# YOUR OBJECTIVE
Look for "strictly" in each line of the records, and copy the lines that have it.

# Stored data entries

· · · · ·

(* Let $T\in\mathsf{SYT}(\lambda)$, let $\alpha=\mathsf{Des}(T)=(\alpha_1,\dots,\alpha_\ell)$, and let $I=[i,i+2m]$ be a Dyck pattern interval of $T$; write $I^-=[i,i+m-1]$ and $I^+=[i+m+1,i+2m]$. Then there is $1\le j<\ell$ with $I^-\cup\{i+m\}\subseteq\alpha^{(j)}$ and $I^+\subseteq\alpha^{(j+1)}$.
   Context: French notation; $|\lambda|=N$; $\mathsf{SYT}(\lambda)$ standard tableaux. The reading word $\mathsf{row}(T)$ reads rows left to right from the top row to the bottom row. For a permutation $\pi$ of $[N]$ and $I=[i,i+2m]\subseteq[N]$, $m\ge1$, $I$ is a Dyck pattern interval of $\pi$ if the RSK insertion tableau of the subword $\pi|_I$ of letters in $I$ has bottom row $i,\dots,i+m$ and top row $i+m+1,\dots,i+2m$; a Dyck pattern interval of $T$ is one of $\mathsf{row}(T)$. A letter $d$ is a descent of $T$ if $d+1$ lies in a strictly higher row than $d$; if the descents are $d_1<\dots<d_k$, then $\mathsf{Des}(T)=(d_1,d_2-d_1,\dots,d_k-d_{k-1},N-d_k)$. For a composition $\alpha=(\alpha_1,\dots,\alpha_\ell)$ of $N$, $\alpha^{(j)}=\{\alpha_1+\dots+\alpha_{j-1}+1,\dots,\alpha_1+\dots+\alpha_j\}$. *)

theory Defs
  imports Main
begin

text \<open>Conventions (French notation). A tableau is a list of rows; row 0 is the
  bottom row, row k+1 lies directly above row k. Entries are natural numbers.\<close>

definition is_partition :: "nat list \<Rightarrow> bool" where
  "is_partition lam \<longleftrightarrow> sorted_wrt (\<ge>) lam \<and> 0 \<notin> set lam"

definition SYT :: "nat list \<Rightarrow> nat list list set" where
  "SYT lam = {T. is_partition lam \<and> map length T = lam
      \<and> distinct (concat T) \<and> set (concat T) = {1..sum_list lam}
      \<and> (\<forall>r < length T. sorted_wrt (<) (T ! r))
      \<and> (\<forall>r c. r + 1 < length T \<and> c < length (T ! (r + 1))
               \<longrightarrow> T ! r ! c < T ! (r + 1) ! c)}"

definition row_word :: "nat list list \<Rightarrow> nat list" where
  "row_word T = concat (rev T)"

fun row_insert :: "nat list list \<Rightarrow> nat \<Rightarrow> nat list list" where
  "row_insert [] x = [[x]]"
| "row_insert (r # rs) x =
     (let p = takeWhile (\<lambda>z. z < x) r; s = dropWhile (\<lambda>z. z < x) r in
      if s = [] then (r @ [x]) # rs
      else (p @ x # tl s) # row_insert rs (hd s))"

definition insertion_tableau :: "nat list \<Rightarrow> nat list list" where
  "insertion_tableau w = foldl row_insert [] w"

definition dyck_pattern_interval :: "nat list \<Rightarrow> nat \<Rightarrow> nat \<Rightarrow> bool" where
  "dyck_pattern_interval pi i m \<longleftrightarrow>
     1 \<le> m \<and> 1 \<le> i \<and> i + 2 * m \<le> length pi \<and>
     insertion_tableau (filter (\<lambda>a. a \<in> {i..i + 2 * m}) pi)
       = [[i..<i + m + 1], [i + m + 1..<i + 2 * m + 1]]"

definition tab_size :: "nat list list \<Rightarrow> nat" where
  "tab_size T = length (concat T)"

definition row_of :: "nat list list \<Rightarrow> nat \<Rightarrow> nat" where
  "row_of T a = (THE r. r < length T \<and> a \<in> set (T ! r))"

definition descents :: "nat list list \<Rightarrow> nat set" where
  "descents T = {d. 1 \<le> d \<and> d + 1 \<le> tab_size T \<and> row_of T d < row_of T (d + 1)}"

definition Des :: "nat list list \<Rightarrow> nat list" where
  "Des T = (let ds = sorted_list_of_set (descents T);
                bs = 0 # ds @ [tab_size T]
            in map (\<lambda>k. bs ! (k + 1) - bs ! k) [0..<length ds + 1])"

definition comp_block :: "nat list \<Rightarrow> nat \<Rightarrow> nat set" where
  "comp_block alpha j = {sum_list (take (j - 1) alpha) + 1 .. sum_list (take j alpha)}"

end

theory Submission
  imports Defs
begin

text \<open>
  In a word without repeated letters, d+1 precedes d iff d+1 ends up in a strictly higher row
  of the insertion tableau than d: inserting any other letter, which compares with d and d+1
  in the same way, preserves the relative position of the two. In the row reading word of a
  standard tableau T, d+1 precedes d iff d+1 lies strictly higher, i.e. iff d is a descent of T.
  Restricting the reading word to a Dyck pattern interval [i, i+2m] keeps relative orders, so
  the two-row insertion tableau shows that i+m is the only descent d of T with i \<le> d < i+2m.
  Hence [i, i+m] and [i+m+1, i+2m] fall into the two blocks of Des T on either side of i+m.
\<close>

section \<open>Relative order in words and in tableau rows\<close>

fun precedes :: "'a \<Rightarrow> 'a \<Rightarrow> 'a list \<Rightarrow> bool" where
  "precedes a b [] = False"
| "precedes a b (c # w) \<longleftrightarrow> (c = a \<and> b \<in> set w) \<or> precedes a b w"

lemma precedes_imp_mem: "precedes a b w \<Longrightarrow> a \<in> set w \<and> b \<in> set w"
  by (induction w) auto

lemma precedes_append:
  "precedes a b (u @ v) \<longleftrightarrow> precedes a b u \<or> precedes a b v \<or> (a \<in> set u \<and> b \<in> set v)"
  by (induction u) auto

lemma precedes_filter: "P a \<Longrightarrow> P b \<Longrightarrow> precedes a b (filter P w) \<longleftrightarrow> precedes a b w"
  by (induction w) auto

lemma precedes_asym: "distinct w \<Longrightarrow> precedes a b w \<Longrightarrow> \<not> precedes b a w"
  by (induction w) (auto dest: precedes_imp_mem)

lemma precedes_sorted:
  "sorted_wrt (<) (w :: 'a::order list) \<Longrightarrow> a \<in> set w \<Longrightarrow> b \<in> set w \<Longrightarrow> a < b \<Longrightarrow> precedes a b w"
  by (induction w) (auto dest: order.asym)

definition in_row :: "'a list list \<Rightarrow> nat \<Rightarrow> 'a \<Rightarrow> bool" where
  "in_row P k e \<longleftrightarrow> k < length P \<and> e \<in> set (P ! k)"

definition rows_sorted :: "'a::linorder list list \<Rightarrow> bool" where
  "rows_sorted P \<longleftrightarrow> (\<forall>r\<in>set P. sorted_wrt (<) r)"

lemma in_row_Nil [simp]: "\<not> in_row [] k e"
  and in_row_Cons_0 [simp]: "in_row (r # rs) 0 e \<longleftrightarrow> e \<in> set r"
  and in_row_Cons_Suc [simp]: "in_row (r # rs) (Suc k) e \<longleftrightarrow> in_row rs k e"
  by (simp_all add: in_row_def)

lemma in_row_ex: "e \<in> set (concat P) \<Longrightarrow> \<exists>k. in_row P k e"
  unfolding in_row_def by (metis UN_iff in_set_conv_nth set_concat)

lemma in_row_unique: "distinct (concat P) \<Longrightarrow> in_row P a e \<Longrightarrow> in_row P b e \<Longrightarrow> a = b"
proof (induction P arbitrary: a b)
  case (Cons r rs)
  then show ?case
    by (cases a; cases b) (auto simp: in_row_def disjoint_iff dest!: nth_mem)
qed simp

· · · · ·

# RESULT OF THE TASK
   Context: French notation; $|\lambda|=N$; $\mathsf{SYT}(\lambda)$ standard tableaux. The reading word $\mathsf{row}(T)$ reads rows left to right from the top row to the bottom row. For a permutation $\pi$ of $[N]$ and $I=[i,i+2m]\subseteq[N]$, $m\ge1$, $I$ is a Dyck pattern interval of $\pi$ if the RSK insertion tableau of the subword $\pi|_I$ of letters in $I$ has bottom row $i,\dots,i+m$ and top row $i+m+1,\dots,i+2m$; a Dyck pattern interval of $T$ is one of $\mathsf{row}(T)$. A letter $d$ is a descent of $T$ if $d+1$ lies in a strictly higher row than $d$; if the descents are $d_1<\dots<d_k$, then $\mathsf{Des}(T)=(d_1,d_2-d_1,\dots,d_k-d_{k-1},N-d_k)$. For a composition $\alpha=(\alpha_1,\dots,\alpha_\ell)$ of $N$, $\alpha^{(j)}=\{\alpha_1+\dots+\alpha_{j-1}+1,\dots,\alpha_1+\dots+\alpha_j\}$. *)
  In a word without repeated letters, d+1 precedes d iff d+1 ends up in a strictly higher row
  standard tableau T, d+1 precedes d iff d+1 lies strictly higher, i.e. iff d is a descent of T.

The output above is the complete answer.